Of course, you can teach some language to a chimpanzee in seven or eight years. You can’t convert a chimpanzee to a human being in eight years. It is a much longer project. It is true; we have to wait. If your project is basically saving a few souls from the mess that human life is, and showing them moksha or nirvana or whatever, that is an entirely different enterprise.

The enterprise that Sri Aurobindo had undertaken, as I was emphasizing earlier, is “here to fulfill himself was God’s desire.” How to make man fulfilled here is God’s desire, God’s dream. And for that… a new consciousness has to come down, and man has to acquire that consciousness. It is hard work. It will take time. There is no guarantee that after seven or eight years we will have some chimpanzees speaking human language. It will take time, but this is an entirely different kind of enterprise.

This is an enterprise which will make human beings welcome divine Grace and not reject it. One of the themes in Savitri that constantly comes up is man’s tendency to reject divine Grace. The fundamental defect, the fundamental inadequacy that perverts everything here, every blessing that comes here is converted by something in man’s consciousness and becomes a curse. That inadequacy has to be taken away permanently and that can only be done by the coming down of a new consciousness. That is Aswapati’s great aim, and that’s why you see Aswapati exploring all these levels of consciousness. He finds each level of consciousness very interesting, some were very fascinating, but they did not have this creative principle that he was looking for, which will enable man to fulfil God in his life here on earth. This is a wonderful description we have and ultimately there are many other things one could have taken up, many new ideas, many revelations.

Some of the things Sri Aurobindo says in The Life Divine are stated here with absolute poetic power. This is a wonderful canto one could spend any amount of time with great benefit, but ultimately Aswapati realises, on page 333,

It waited for the fiat of the Word
That comes through the still self from the Supreme.
[Bk 3, Canto 3, p. 333]

Now this experience Aswapati has is almost an experience of the supermind, the supramental experience that Aswapati has now interiorised. How does that become possible, how does that come here? That only comes when the supreme word, that creative word comes down here in this world of ignorance, and is born here, works here and helps mankind to achieve this. With this we conclude this canto and go on to Canto 4, which is a fairly well-known canto.
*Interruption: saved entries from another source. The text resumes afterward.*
theorem theorem1:
  fixes M :: "'o measure"
    and m :: nat and n :: "nat \<Rightarrow> nat"
    and t_agg :: nat and t_c :: "nat \<Rightarrow> nat" and eps_c :: "nat \<Rightarrow> real"
    and Hyp :: "'w::euclidean_space set"
    and loss :: "'w \<Rightarrow> 'z \<Rightarrow> real"
    and Mz :: "'z measure" and \<mu> :: "nat \<Rightarrow> 'z measure"
    and Wloc :: "nat \<Rightarrow> nat \<Rightarrow> 'o \<Rightarrow> 'w"
    and Nn :: "nat \<Rightarrow> 'o \<Rightarrow> 'w" and s :: "nat \<Rightarrow> real"
    and Z :: "nat \<Rightarrow> nat \<Rightarrow> nat \<Rightarrow> 'o \<Rightarrow> 'z"
    and W N wstar :: "'o \<Rightarrow> 'w"
    and \<psi> :: "nat \<Rightarrow> real \<Rightarrow> real" and bminus bplus :: "nat \<Rightarrow> ereal"
  assumes M: "prob_space M"
    and m_pos: "0 < m" and n_pos: "\<forall>i<m. 0 < n i"
    and times: "\<forall>i<m. 1 \<le> t_c i \<and> t_c i \<le> t_agg"
    and privacy: "\<forall>i<m. 0 \<le> eps_c i"
    and W_def: "W = (\<lambda>\<omega>. (1 / real m) *\<^sub>R (\<Sum>i<m. Wloc i (t_c i) \<omega>))"
    and N_def: "N = (\<lambda>\<omega>. (1 / real m) *\<^sub>R (\<Sum>i<m. Nn i \<omega>))"
    and laplace: "\<forall>i<m. 0 < s i \<and>
        distributed M lborel (Nn i) (\<lambda>x. ennreal (laplace_vec_density (s i) x))"
    and noise_indep: "prob_space.indep_vars M (\<lambda>_. borel) Nn {..<m}"
    and meas: "\<forall>i t. Wloc i t \<in> borel_measurable M"
        "\<forall>i t j. Z i t j \<in> measurable M Mz"
    and noise_indep_rest: "prob_space.indep_set M
        (sigma_sets (space M) (\<Union>i<m. {Nn i -` A \<inter> space M | A. A \<in> sets borel}))
        (sigma_sets (space M)
          ((\<Union>i t. {Wloc i t -` A \<inter> space M | A. A \<in> sets borel}) \<union>
           (\<Union>i t j. {Z i t j -` A \<inter> space M | A. A \<in> sets Mz})))"
    and W_in: "\<forall>\<omega>\<in>space M. W \<omega> \<in> Hyp"
    and loss_meas: "(\<lambda>(w, z). loss w z) \<in> borel_measurable (borel \<Otimes>\<^sub>M Mz)"
    and target: "\<forall>i<m. prob_space (\<mu> i) \<and> sets (\<mu> i) = sets Mz \<and>
        (\<forall>j<n i. distr M Mz (Z i t_agg j) = \<mu> i)"
    and pop_integrable: "\<forall>i<m. \<forall>w\<in>Hyp. integrable (\<mu> i) (loss w)"
    and wstar_erm: "\<forall>\<omega>\<in>space M. wstar \<omega> \<in> Hyp \<and>
        (\<forall>w\<in>Hyp. global_emp_loss loss m n (\<lambda>i j. Z i t_agg j \<omega>) (wstar \<omega>)
                 \<le> global_emp_loss loss m n (\<lambda>i j. Z i t_agg j \<omega>) w)"
    and integrable_emp: "\<forall>i<m. \<forall>j<n i.
        integrable M (\<lambda>\<omega>. loss (W \<omega> + N \<omega>) (Z i t_agg j \<omega>)) \<and>
        integrable M (\<lambda>\<omega>. loss (wstar \<omega>) (Z i t_agg j \<omega>))"
    and integrable_pop: "integrable M (\<lambda>\<omega>. avg_pop_loss loss m n \<mu> (W \<omega> + N \<omega>))"
        "integrable M (\<lambda>\<omega>. avg_pop_loss loss m n \<mu> (wstar \<omega>))"
    and cgf_bound: "\<forall>i<m. bminus i < 0 \<and> 0 < bplus i \<and>
        integrable ((distr M borel W \<Otimes>\<^sub>M distr M borel N) \<Otimes>\<^sub>M \<mu> i)
          (\<lambda>((w, v), z). loss (w + v) z) \<and>
        (\<forall>lam. bminus i < ereal lam \<and> ereal lam < bplus i \<longrightarrow>
          (let P = (distr M borel W \<Otimes>\<^sub>M distr M borel N) \<Otimes>\<^sub>M \<mu> i;
               c = (\<integral>((w, v), z). loss (w + v) z \<partial>P);
               f = (\<lambda>((w, v), z). loss (w + v) z - c)
           in integrable P (\<lambda>x. exp (lam * f x)) \<and> cgf P f lam \<le> \<psi> i lam))"
    and MI_finite: "\<forall>i<m. \<forall>j<n i.
        absolutely_continuous (distr M borel W \<Otimes>\<^sub>M distr M Mz (Z i t_agg j))
          (distr M (borel \<Otimes>\<^sub>M Mz) (\<lambda>\<omega>. (W \<omega>, Z i t_agg j \<omega>))) \<and>
        integrable (distr M (borel \<Otimes>\<^sub>M Mz) (\<lambda>\<omega>. (W \<omega>, Z i t_agg j \<omega>)))
          (entropy_density (exp 1) (distr M borel W \<Otimes>\<^sub>M distr M Mz (Z i t_agg j))
             (distr M (borel \<Otimes>\<^sub>M Mz) (\<lambda>\<omega>. (W \<omega>, Z i t_agg j \<omega>))))"
  shows "(\<integral>\<omega>. global_emp_loss loss m n (\<lambda>i j. Z i t_agg j \<omega>) (W \<omega> + N \<omega>)
              - global_emp_loss loss m n (\<lambda>i j. Z i t_agg j \<omega>) (wstar \<omega>) \<partial>M)
         \<le> (\<Sum>i<m. client_weight m n i * (1 / real (n i)) *
               (\<Sum>j<n i. psi_star_inv (\<psi> i) (bplus i)
                  (prob_space.mutual_information M (exp 1) borel Mz W (Z i t_agg j))))
           + (\<integral>\<omega>. avg_pop_loss loss m n \<mu> (wstar \<omega>) \<partial>M)
           - (\<integral>\<omega>. global_emp_loss loss m n (\<lambda>i j. Z i t_agg j \<omega>) (wstar \<omega>) \<partial>M)
           + (\<integral>\<omega>. avg_pop_loss loss m n \<mu> (W \<omega> + N \<omega>) - avg_pop_loss loss m n \<mu> (wstar \<omega>) \<partial>M)
       \<and> ((\<forall>w\<in>Hyp. \<forall>\<omega>\<in>space M. w + N \<omega> \<in> Hyp) \<longrightarrow>
           ereal (\<integral>\<omega>. avg_pop_loss loss m n \<mu> (W \<omega> + N \<omega>) - avg_pop_loss loss m n \<mu> (wstar \<omega>) \<partial>M)
           \<le> (SUP w\<in>Hyp. ereal (avg_pop_loss loss m n \<mu> w))
              - ereal (\<integral>\<omega>. avg_pop_loss loss m n \<mu> (wstar \<omega>) \<partial>M))"
proof -
  interpret prob_space M by (rule M)
  have [measurable]: "Wloc i t \<in> borel_measurable M" "Z i t j \<in> measurable M Mz" for i t j
    using meas by auto
  have Nn_measurable: "Nn i \<in> borel_measurable M" if "i < m" for i
    using laplace that unfolding distributed_def by auto
  have [measurable]: "W \<in> borel_measurable M" "N \<in> borel_measurable M"
    unfolding W_def N_def using Nn_measurable by measurable
  note indep = noise_independent_of_model_and_data[OF noise_indep_rest _ _ Nn_measurable W_def N_def]
  define c where "c i = (\<integral>((w, v), z). loss (w + v) z \<partial>((distr M borel W \<Otimes>\<^sub>M distr M borel N) \<Otimes>\<^sub>M \<mu> i))" for i
  have sample_bound: "(\<integral>\<omega>. loss (W \<omega> + N \<omega>) (Z i t_agg j \<omega>) \<partial>M) - c i
      \<le> psi_star_inv (\<psi> i) (bplus i) (mutual_information (exp 1) borel Mz W (Z i t_agg j))"
    if "i < m" "j < n i" for i j
    unfolding c_def using that target MI_finite integrable_emp cgf_bound
    by (intro expected_sample_loss_le_psi_star_inv[OF _ _ _ loss_meas indep(2), where bminus = "bminus i"]) auto
  have pop_risk: "integrable M (\<lambda>\<omega>. pop_risk loss (\<mu> i) (W \<omega> + N \<omega>))"
    "(\<integral>\<omega>. pop_risk loss (\<mu> i) (W \<omega> + N \<omega>) \<partial>M) = c i" if "i < m" for i
    using expectation_integral_indep_pair[OF _ _ indep(1), of "\<mu> i" "\<lambda>((w, v), z). loss (w + v) z"]
      target cgf_bound that
    by (auto simp: pop_risk_def c_def prob_space_imp_sigma_finite)
  have "(\<integral>\<omega>. global_emp_loss loss m n (\<lambda>i j. Z i t_agg j \<omega>) (W \<omega> + N \<omega>) \<partial>M)
    \<le> (\<Sum>i<m. client_weight m n i * (1 / real (n i)) *
          (\<Sum>j<n i. psi_star_inv (\<psi> i) (bplus i) (mutual_information (exp 1) borel Mz W (Z i t_agg j))))
      + (\<Sum>i<m. client_weight m n i * c i)"
    by (rule expected_global_emp_loss_le) (use n_pos integrable_emp sample_bound in auto)
  also have "(\<Sum>i<m. client_weight m n i * c i) = (\<integral>\<omega>. avg_pop_loss loss m n \<mu> (W \<omega> + N \<omega>) \<partial>M)"
    using pop_risk by (simp add: avg_pop_loss_def Bochner_Integration.integral_sum)
  moreover have "integrable M (\<lambda>\<omega>. global_emp_loss loss m n (\<lambda>i j. Z i t_agg j \<omega>) (W \<omega> + N \<omega>))"
    "integrable M (\<lambda>\<omega>. global_emp_loss loss m n (\<lambda>i j. Z i t_agg j \<omega>) (wstar \<omega>))"
    using integrable_emp by (auto intro: integral_global_emp_loss(1))
  moreover have "(\<forall>w\<in>Hyp. \<forall>\<omega>\<in>space M. w + N \<omega> \<in> Hyp) \<longrightarrow>
      ereal (\<integral>\<omega>. avg_pop_loss loss m n \<mu> (W \<omega> + N \<omega>) - avg_pop_loss loss m n \<mu> (wstar \<omega>) \<partial>M)
      \<le> (SUP w\<in>Hyp. ereal (avg_pop_loss loss m n \<mu> w))
        - ereal (\<integral>\<omega>. avg_pop_loss loss m n \<mu> (wstar \<omega>) \<partial>M)"
    using W_in integrable_pop
    by (intro impI integral_diff_le_SUP_minus[where u = "\<lambda>\<omega>. W \<omega> + N \<omega>"]) auto
  ultimately show ?thesis
    using integrable_pop by (simp add: integral_diff)
qed

end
It’s a very dramatic one too, which is called “The Vision and the Boon.

Then suddenly there rose a sacred stir.
Amid the lifeless silence of the Void
In a solitude and an immensity
A sound came quivering like a loved footfall
Heard in the listening spaces of the soul;
A touch perturbed his fibres with delight.
An Influence had approached the mortal range,
A boundless Heart was near his longing heart,
A mystic Form enveloped his earthly shape.
All at her contact broke from silence’ seal;
Spirit and body thrilled identified,
Linked in the grasp of an unspoken joy;
Mind, members, life were merged in ecstasy.
Intoxicated as with nectarous rain
His nature’s passioning stretches flowed to her,
Flashing with lightnings, mad with luminous wine.
All was a limitless sea that heaved to the moon.